Quando chega o ano novo, as pessoas ficam um pouco mais susceptíveis às emoções. Paz, amor e esperança são sentimentos cultivados; solidariedade é ação praticada com mais entusiasmo, mais energia. Quando o novo ano se inicia, velhos sonhos são reconstruídos, e novos planos são traçados, já que nunca é tarde para construir, para acontecer. Eu também, nessa época mágica, sinto-me assim.

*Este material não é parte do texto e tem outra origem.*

text \<open>
  Every Cauchy tensor with positive generator is completely positive: 1/s is the limit as q \<rightarrow> 1 of
  (1 - q)/(1 - q^s) = \<Sum>k (1 - q) q^(k s), and with s = c_i1 + ... + c_im every summand is an entry
  of a nonnegative rank-one tensor. A conic Caratheodory argument bounds the number of rank-one terms
  by the number of entries, so that nonnegative rank-one decompositions pass to the limit by compactness.

  For A = \<Sum>k u_k^m with nonnegative u_k, an H-eigenvector for an eigenvalue \<lambda> \<le> 0 is
  orthogonal to all u_k (contract with x if m is even, compare signs entrywise if m is odd), and
  conversely every nonzero x orthogonal to all u_k is an H-eigenvector for 0. Hence A is strongly
  doubly nonnegative iff the u_k span \<real>^n, which makes (ii) and (iii) equivalent.

  If c_a = c_b for a \<noteq> b, then e_a - e_b is an H-eigenvector of the Cauchy tensor for 0. If the c_i
  are distinct and x is orthogonal to all u_k, evaluating the decomposition at the entries
  (i, j, ..., j) gives \<Sum>i x_i / (c_i + (m - 1) c_j) = 0 for all j, a nonsingular Cauchy system.
\<close>

lemma finite_index_lists [simp]: "finite (index_lists k :: 'n::finite list set)"
  using finite_lists_length_eq[of "UNIV :: 'n set" k] by (simp add: index_lists_def)

lemma index_lists_0 [simp]: "index_lists 0 = {[]}"
  by (auto simp: index_lists_def)
lemma sum_class_weight_mult:
  "(\<Sum>j\<in>{1..N}. class_weight N z q j * f j) = (\<Sum>j\<in>Icl N z q. f j) / real (Ncl N z q)"
proof -
  have "(\<Sum>j\<in>{1..N}. class_weight N z q j * f j)
      = (\<Sum>j\<in>{1..N}. if j \<in> Icl N z q then f j / real (Ncl N z q) else 0)"
    by (intro sum.cong) (auto simp: class_weight_def)
  also have "\<dots> = (\<Sum>j\<in>{1..N} \<inter> Icl N z q. f j / real (Ncl N z q))"
    by (rule sum.inter_restrict[symmetric]) simp
  also have "{1..N} \<inter> Icl N z q = Icl N z q"
    using Icl_subset by blast
  finally show ?thesis by (simp add: sum_divide_distrib)
qed

definition bilinear_form :: "nat \<Rightarrow> (nat \<Rightarrow> real) \<Rightarrow> (nat \<Rightarrow> real) \<Rightarrow> (nat \<Rightarrow> nat \<Rightarrow> real) \<Rightarrow> real" where
  "bilinear_form N \<alpha> \<beta> D = (\<Sum>i\<in>{1..N}. \<Sum>j\<in>{1..N}. \<alpha> i * \<beta> j * D i j)"

lemma mu_hat_eq_sum: "mu_hat N D z i q = (\<Sum>j\<in>{1..N}. class_weight N z q j * D i j)"
  unfolding mu_hat_def sum_class_weight_mult by simp

lemma nu_hat_eq_sum: "nu_hat N D z p j = (\<Sum>i\<in>{1..N}. class_weight N z p i * D i j)"
  unfolding nu_hat_def sum_class_weight_mult by simp

lemma P_hat_eq_sum_mu_hat: "P_hat N D z p q = (\<Sum>i\<in>{1..N}. class_weight N z p i * mu_hat N D z i q)"
  unfolding P_hat_def mu_hat_def sum_class_weight_mult by (simp add: sum_divide_distrib ac_simps)

lemma bilinear_form_class_weight_right:
  "bilinear_form N \<alpha> (class_weight N z q) D = (\<Sum>i\<in>{1..N}. \<alpha> i * mu_hat N D z i q)"
  by (simp add: bilinear_form_def mu_hat_eq_sum sum_distrib_left mult_ac)

lemma bilinear_form_class_weight_left:
  "bilinear_form N (class_weight N z p) \<beta> D = (\<Sum>j\<in>{1..N}. \<beta> j * nu_hat N D z p j)"
  unfolding bilinear_form_def nu_hat_eq_sum sum_distrib_left
  by (subst sum.swap) (simp add: mult_ac)

lemma P_hat_eq_bilinear_form: "P_hat N D z p q = bilinear_form N (class_weight N z p) (class_weight N z q) D"
  by (simp add: P_hat_eq_sum_mu_hat bilinear_form_class_weight_right)

lemma sum_class_weight_sq: "(\<Sum>j\<in>{1..N}. (class_weight N z q j)\<^sup>2) = 1 / real (Ncl N z q)"
proof -
  have "(\<Sum>j\<in>{1..N}. (class_weight N z q j)\<^sup>2) = (\<Sum>j\<in>Icl N z q. class_weight N z q j) / real (Ncl N z q)"
    unfolding power2_eq_square by (rule sum_class_weight_mult)
  also have "\<dots> = (\<Sum>j\<in>Icl N z q. 1 / real (Ncl N z q)) / real (Ncl N z q)"
    by (simp add: class_weight_def)
  finally show ?thesis by (simp add: Ncl_def)
qed

section \<open>The loss and the misclassification rate\<close>

definition node_loss :: "nat \<Rightarrow> nat \<Rightarrow> (nat \<Rightarrow> nat \<Rightarrow> real) \<Rightarrow> (nat \<Rightarrow> nat) \<Rightarrow> nat \<Rightarrow> real" where
  "node_loss K N X z i = (\<Sum>q\<in>{1..K}.
      \<bar>mu_hat N X z i q - P_hat N X z (z i) q\<bar> + \<bar>nu_hat N X z q i - P_hat N X z q (z i)\<bar>)"

lemma L_hat_eq_sum_node_loss: "L_hat K N X z = (\<Sum>i\<in>{1..N}. node_loss K N X z i) / real N"
  unfolding L_hat_def node_loss_def by simp

lemma node_loss_nonneg: "0 \<le> node_loss K N X z i"
  unfolding node_loss_def by (intro sum_nonneg) simp

lemma L_hat_nonneg: "0 \<le> L_hat K N X z"
  unfolding L_hat_eq_sum_node_loss by (intro divide_nonneg_nonneg sum_nonneg node_loss_nonneg) simp

lemma L_hat_block_constant_eq_0: "L_hat K N (\<lambda>i j. B (zs i) (zs j)) zs = 0"
proof -
  let ?A = "\<lambda>i j. B (zs i) (zs j)"
  have block_sum: "(\<Sum>i\<in>Icl N zs p. \<Sum>j\<in>Icl N zs q. ?A i j) = real (Ncl N zs p) * real (Ncl N zs q) * B p q"
    for p q
  proof -
    have "(\<Sum>i\<in>Icl N zs p. \<Sum>j\<in>Icl N zs q. ?A i j) = (\<Sum>i\<in>Icl N zs p. real (Ncl N zs q) * B (zs i) q)"
      by (intro sum.cong refl sum_Icl_label)
    also have "\<dots> = real (Ncl N zs p) * (real (Ncl N zs q) * B p q)"
      by (rule sum_Icl_label)
    finally show ?thesis by simp
  qed
  have "node_loss K N ?A zs i = 0" if "i \<in> {1..N}" for i
  proof -
    have nz: "Ncl N zs (zs i) \<noteq> 0" using Ncl_label_nonzero[OF that] .
    have "mu_hat N ?A zs i q = P_hat N ?A zs (zs i) q" for q
      using nz by (simp add: mu_hat_def P_hat_def block_sum sum_Icl_label[where f="\<lambda>b. B (zs i) b"])
    moreover have "nu_hat N ?A zs q i = P_hat N ?A zs q (zs i)" for q
      using nz by (simp add: nu_hat_def P_hat_def block_sum sum_Icl_label[where f="\<lambda>a. B a (zs i)"])
    ultimately show ?thesis unfolding node_loss_def by simp
  qed
  then show ?thesis unfolding L_hat_eq_sum_node_loss by simp
qed

lemma sep_le_sum:
  assumes "p1 \<in> {1..K}" "p2 \<in> {1..K}" "p1 \<noteq> p2"
  shows "sep K A \<le> (\<Sum>q\<in>{1..K}. \<bar>A p1 q - A p2 q\<bar> + \<bar>A q p1 - A q p2\<bar>)"
proof -
  let ?f = "\<lambda>p1 p2 q. \<bar>A p1 q - A p2 q\<bar> + \<bar>A q p1 - A q p2\<bar>"
  have "finite {Max {?f p1 p2 q | q. q \<in> {1..K}} | p1 p2. p1 \<in> {1..K} \<and> p2 \<in> {1..K} \<and> p1 \<noteq> p2}"
    by (rule finite_subset[where B="(\<lambda>(p1, p2). Max {?f p1 p2 q | q. q \<in> {1..K}}) ` ({1..K} \<times> {1..K})"])
      auto
  then have "sep K A \<le> Max {?f p1 p2 q | q. q \<in> {1..K}}"
    unfolding sep_def by (rule Min_le) (use assms in blast)
  also have "{?f p1 p2 q | q. q \<in> {1..K}} = ?f p1 p2 ` {1..K}"
    by blast
  also have "Max \<dots> \<le> (\<Sum>q\<in>{1..K}. ?f p1 p2 q)"
    using assms by (subst Max_le_iff) (auto intro!: member_le_sum)
  finally show ?thesis .
qed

Como a maioria, penso começar diferente os dias do próximo calendário suspenso na parede ou colado na porta da geladeira. Entrego-me ao desejo de rever todos os integrantes de minha família e estar com o maior número possível de amigos. Nessa época, me apego às emoções e me torno pensativo, melancólico até. Sinto as lembranças mais presentes e tropeço frequentemente nas recordações pelos corredores da casa. Das inúmeras etapas vividas, a infância é a mais nítida no brilho dos olhos meus.
De supetão, quando menos espero, me vejo correndo pelos caminhos da fazenda onde morávamos, recanto verde daqueles primeiros anos de vida. Passo pelo mangueiro, contorno o canavial, atravesso a cerca de arame, salto de pedra em pedra atravessando o leito do ribeiro e descanso à sombra das enormes mangueiras ouvindo o canto suave e ininterrupto da bica d’água. Não há como esquecer, só há vontade de lembrar. Quem afirma que esses momentos não voltam, desconhece a nitidez que eles aparecem em meu pensamento, nem imagina a forte presença que manifestam em meu viver.
Hoje mesmo me vi deitado na grama que se estendia no quintal, próximo ao pé de flamboyant, olhando o céu que me cobria: imenso manto azul, com todos os seus mistérios e segredos. Olhei as nuvens levadas pelo vento, formando imagens de bichos conhecidos, e monstros imaginários fazendo caretas para mim. Em minha inocência, pensava que naquela imensidão estava a nossa origem; era de lá, de uma parte do infinito que a gente surgia. Pensava simplesmente, sem saber que estava bem perto da verdade.
Desde esse tempo, sempre tive a vontade de ver surgir no céu um ponto desconhecido, um objeto suspenso no ar, ou até mais de um, passando de mansinho para não incomodar, para não serem incomodados. Hoje vi esses sinais, dezenas deles, titubeantes manchas escuras, movendo-se nas falhas constantes de minhas vistas cansadas. São discos-voadores do tempo, dos anos vividos, afirmando que o prazo estipulado de minha existência está prestes a expirar. Melancólico, mas sem dúvida real!